When I create a Thread for the Assistant

thread = oai_client.beta.threads.create(
            messages=prompt_turns
        )

I get the error Expected a valid URL, but got a value with an invalid format from above. This issues arises for gpt-4-turbo and gpt-4o who have image capabilities. With the regular Chat API, I can use the base64 images just fine.
If I use a regular URL it also works as expected.

Does the Assistant API support image input via base64 encoding? If yes, how can one use it? It seems different from the image input for Chat API.

yvoderooij · May 15, 2024, 10:01am

I also want to implement vision capabilities. Got it working from a seperate function but not out of the box via the new gpt-4o …

_j · May 15, 2024, 10:24am

Here’s some pasta functions for you to use for loading and processing an image file, where I had to go back two months to find a version not triple the size with ideas. AI types and hinting.

BASE64 is currently not a vision file method for Assistants, though, only Chat Completions. You would have to save and upload the processed file to file storage and then attach the file ID to a user message.

import base64, textwrap, time, openai, os, io
from PIL import Image
from typing import Tuple

def process_image(path: str, max_size: int) -> Tuple[str, int]:
    """
    Process an image from a given path, encoding it in base64. If the image is a PNG and smaller than max_size,
    it encodes the original.

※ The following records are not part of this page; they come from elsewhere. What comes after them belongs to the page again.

text \<open>Each SDIRK stage is an implicit midpoint step of length \<open>h\<^sub>i\<close>. Since the vector field
  is linear in \<open>(g, p)\<close> once \<open>B\<^sub>i\<close> is frozen, the stage equation \<open>k = (x + h\<^sub>i/2 k) C\<close> says
  that the midpoint is \<open>x (Id - h\<^sub>i/2 C)\<^sup>-\<^sup>1\<close> and the endpoint is the midpoint times
  \<open>Id + h\<^sub>i/2 C\<close>, i.e. \<open>x cay(h\<^sub>i C)\<close>. Taking \<open>C = B\<^sub>i\<^sup>\<dagger>\<close> for \<open>g\<close> and \<open>C = -B\<^sub>i\<close> for \<open>p\<close>
  gives the Cayley factors, and the momentum identities follow by multiplying out
  \<open>g\<^sup>\<dagger>p\<close> at the three points, using that \<open>Id - X\<close> and \<open>Id + X\<close> commute.\<close>

lemma matrix_add_rdistrib: "((A::'a::semiring_1^'n^'m) + B) ** C = A ** C + B ** C"
  by (simp add: matrix_matrix_mult_def vec_eq_iff sum.distrib distrib_right)

lemma matrix_diff_ldistrib: "(A::'a::ring_1^'n^'m) ** (B - C) = A ** B - A ** C"
  by (simp add: matrix_matrix_mult_def vec_eq_iff sum_subtractf right_diff_distrib)

lemma matrix_diff_rdistrib: "((A::'a::ring_1^'n^'m) - B) ** C = A ** C - B ** C"
  by (simp add: matrix_matrix_mult_def vec_eq_iff sum_subtractf left_diff_distrib)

Otherwise, it resizes and converts the image to PNG before encoding.

    Parameters:
        path (str): The file path to the image.
        max_size (int): The maximum width and height allowed for the image.

    Returns:
        Tuple[str, int]: A tuple containing the base64-encoded image and the size of the largest dimension.
    """
    with Image.open(path) as image:
        width, height = image.size
        mimetype = image.get_format_mimetype()
        if mimetype == "image/png" and width <= max_size and height <= max_size:
            with open(path, "rb") as f:
                encoded_image = base64.b64encode(f.read()).decode('utf-8')
                return (encoded_image, max(width, height))
        else:
            resized_image = resize_image(image, max_size)
            png_image = convert_to_png(resized_image)
            return (base64.b64encode(png_image).decode('utf-8'),
                    max(width, height)  # same tuple metadata
                   )

def resize_image(image: Image.Image, max_dimension: int) -> Image.Image:
    """
    Resize a PIL image to ensure that its largest dimension does not exceed max_size.

    Parameters:
        image (Image.Image): The PIL image to resize.
        max_size (int): The maximum size for the largest dimension.

    Returns:
        Image.Image: The resized image.
    """
    width, height = image.size

    # Check if the image has a palette and convert it to true color mode
    if image.mode == "P":
        if "transparency" in image.info:
            image = image.convert("RGBA")
        else:
            image = image.convert("RGB")

    if width > max_dimension or height > max_dimension:
        if width > height:
            new_width = max_dimension
            new_height = int(height * (max_dimension / width))
        else:
            new_height = max_dimension
            new_width = int(width * (max_dimension / height))
        image = image.resize((new_width, new_height), Image.LANCZOS)
        
        timestamp = time.time()

    return image

def convert_to_png(image: Image.Image) -> bytes:
    """
    Convert a PIL Image to PNG format.

    Parameters:
        image (Image.Image): The PIL image to convert.

    Returns:
        bytes: The image in PNG format as a byte array.
    """
    with io.BytesIO() as output:
        image.save(output, format="PNG")
        return output.getvalue()


def create_image_content(image, maxdim, detail_threshold):
    detail = "low" if maxdim < detail_threshold else "high"
    return {
        "type": "image_url",
        "image_url": {"url": f"data:image/png;base64,{image}", "detail": detail}
    }

You can see it does some resizing for you.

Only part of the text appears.